Data records:
(* If $(T,X)$ is a uniformly syndetically regularly stable compact flow ($T$ a Hausdorff topological group, $X$ compact Hausdorff), then $(T,X)$ is an a.p. flow.
   Context: $\mathscr U_X$ is the uniformity of $X$; for $A\subseteq T$ and $\delta\in\mathscr U_X$, $A\delta=\{(ax,ay):a\in A,(x,y)\in\delta\}$. $A\subseteq T$ is (right) syndetic if there is compact $K\subseteq T$ with $Kt\cap A\neq\emptyset$ for all $t$. $(T,X)$ is uniformly syndetically regularly stable if for every $\varepsilon\in\mathscr U_X$ there exist $\delta\in\mathscr U_X$ and a syndetic subsemigroup $A$ of $T$ with $A\delta\subseteq\varepsilon$. A flow is an a.p. flow if for every $\alpha\in\mathscr U_X$ there is a syndetic $A\subseteq T$ with $Ax\subseteq\alpha[x]$ for all $x\in X$. *)

theory Defs
  imports "HOL-Analysis.Analysis"
begin

text \<open>The phase group T is a Hausdorff topological group, written additively
(not necessarily commutative): type class topological_group_add + t2_space.
The phase space X is a compact Hausdorff space (type with compact UNIV, t2_space).\<close>

definition flow :: "('g::topological_group_add \<Rightarrow> 'x::topological_space \<Rightarrow> 'x) \<Rightarrow> bool" where
  "flow act \<longleftrightarrow> continuous_on UNIV (\<lambda>p. act (fst p) (snd p))
     \<and> (\<forall>x. act 0 x = x) \<and> (\<forall>s t x. act (s + t) x = act s (act t x))"

text \<open>Uniformity of a compact Hausdorff space: the (unique) uniformity consists of all
neighbourhoods of the diagonal in X \<times> X.\<close>
definition entourage :: "('x::topological_space \<times> 'x) set \<Rightarrow> bool" where
  "entourage E \<longleftrightarrow> (\<exists>U. open U \<and> {(x, x) | x. True} \<subseteq> U \<and> U \<subseteq> E)"

definition syndetic :: "'g::{topological_space, plus} set \<Rightarrow> bool" where
  "syndetic A \<longleftrightarrow> (\<exists>K. compact K \<and> (\<forall>t. ((\<lambda>k. k + t) ` K) \<inter> A \<noteq> {}))"

definition subsemigroup :: "'g::plus set \<Rightarrow> bool" where
  "subsemigroup A \<longleftrightarrow> (\<forall>a\<in>A. \<forall>b\<in>A. a + b \<in> A)"

definition act_rel :: "('g \<Rightarrow> 'x \<Rightarrow> 'x) \<Rightarrow> 'g set \<Rightarrow> ('x \<times> 'x) set \<Rightarrow> ('x \<times> 'x) set" where
  "act_rel act A \<delta> = {(act a x, act a y) | a x y. a \<in> A \<and> (x, y) \<in> \<delta>}"

definition unif_synd_reg_stable ::
  "('g::topological_group_add \<Rightarrow> 'x::topological_space \<Rightarrow> 'x) \<Rightarrow> bool" where
  "unif_synd_reg_stable act \<longleftrightarrow>
     (\<forall>\<epsilon>. entourage \<epsilon> \<longrightarrow> (\<exists>\<delta> A. entourage \<delta> \<and> syndetic A \<and> subsemigroup A
        \<and> act_rel act A \<delta> \<subseteq> \<epsilon>))"

definition ap_flow :: "('g::topological_group_add \<Rightarrow> 'x::topological_space \<Rightarrow> 'x) \<Rightarrow> bool" where
  "ap_flow act \<longleftrightarrow>
     (\<forall>\<alpha>. entourage \<alpha> \<longrightarrow> (\<exists>A. syndetic A \<and> (\<forall>x. \<forall>a\<in>A. (x, act a x) \<in> \<alpha>)))"

end

theory Submission
  imports Defs
begin

text \<open>Fix an entourage \<alpha>. Stability gives a syndetic subsemigroup A whose elements all map a
  small entourage d into e. Recording each element of A on a finite d-net, rounded to a finite
  e-net, sorts A into finitely many classes of uniformly close maps, so by the pigeonhole principle
  every element of A has a multiple uniformly close to the identity. A second application of
  stability shows that every s has a translate l + s, with l in a fixed compact set, uniformly
  close to one of finitely many elements t. Composing with fixed corrections of the finitely
  many t, obtained from such recurrent multiples and from the equicontinuity of the action on a
  compact set, shows that the return set of \<alpha> is syndetic.\<close>

lemma entourageI: "open U \<Longrightarrow> (\<And>x. (x, x) \<in> U) \<Longrightarrow> U \<subseteq> E \<Longrightarrow> entourage E"
  unfolding entourage_def by blast

lemma entourageE:
  assumes "entourage E"
  obtains U where "open U" and "\<And>x. (x, x) \<in> U" and "U \<subseteq> E"
  using assms unfolding entourage_def by blast

lemma entourage_refl: "entourage E \<Longrightarrow> (x, x) \<in> E"
  by (erule entourageE) blast
lemma EU_integrand_eq:
  assumes k: "k \<in> {1..N}" "0 < a k" and x: "0 < x" "x < 1" and j: "1 \<le> j"
  shows "a k * x powr a k * (a k * - ln x) ^ (j - 1) / fact (j - 1)
      * (\<Prod>i\<in>{1..N} - {k}. 1 - x powr a i) / x
    = a k ^ j * x powr a k / (1 - x powr a k) * (F_N a N x * \<bar>ln x\<bar> ^ (j - 1) / x / fact (j - 1))"
proof -
  have ratio: "A * p * B / f * P / y = C * p / q * (q * P * D / y / f)"
    if "q \<noteq> 0" "A * B = C * D" for A B C D p q f P y :: real
    using that by (simp add: field_simps)
  have lt: "x powr a k < 1" using x k powr_less_mono2[of "a k" x 1] by simp
  have F: "F_N a N x = (1 - x powr a k) * (\<Prod>i\<in>{1..N} - {k}. 1 - x powr a i)"
    unfolding F_N_def using k by (simp add: prod.remove)
  have pow: "a k * (a k * - ln x) ^ (j - 1) = a k ^ j * \<bar>ln x\<bar> ^ (j - 1)"
  proof -
    obtain m where "j = Suc m" using j by (cases j) auto
    with x show ?thesis by (simp only: diff_Suc_1 power_Suc power_mult_distrib) simp
  qed
  show ?thesis unfolding F using lt pow by (intro ratio) simp_all
qed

What to produce:
Within this data, count the lines that include the string "UNIV" and write the number with nothing else.

Result:
2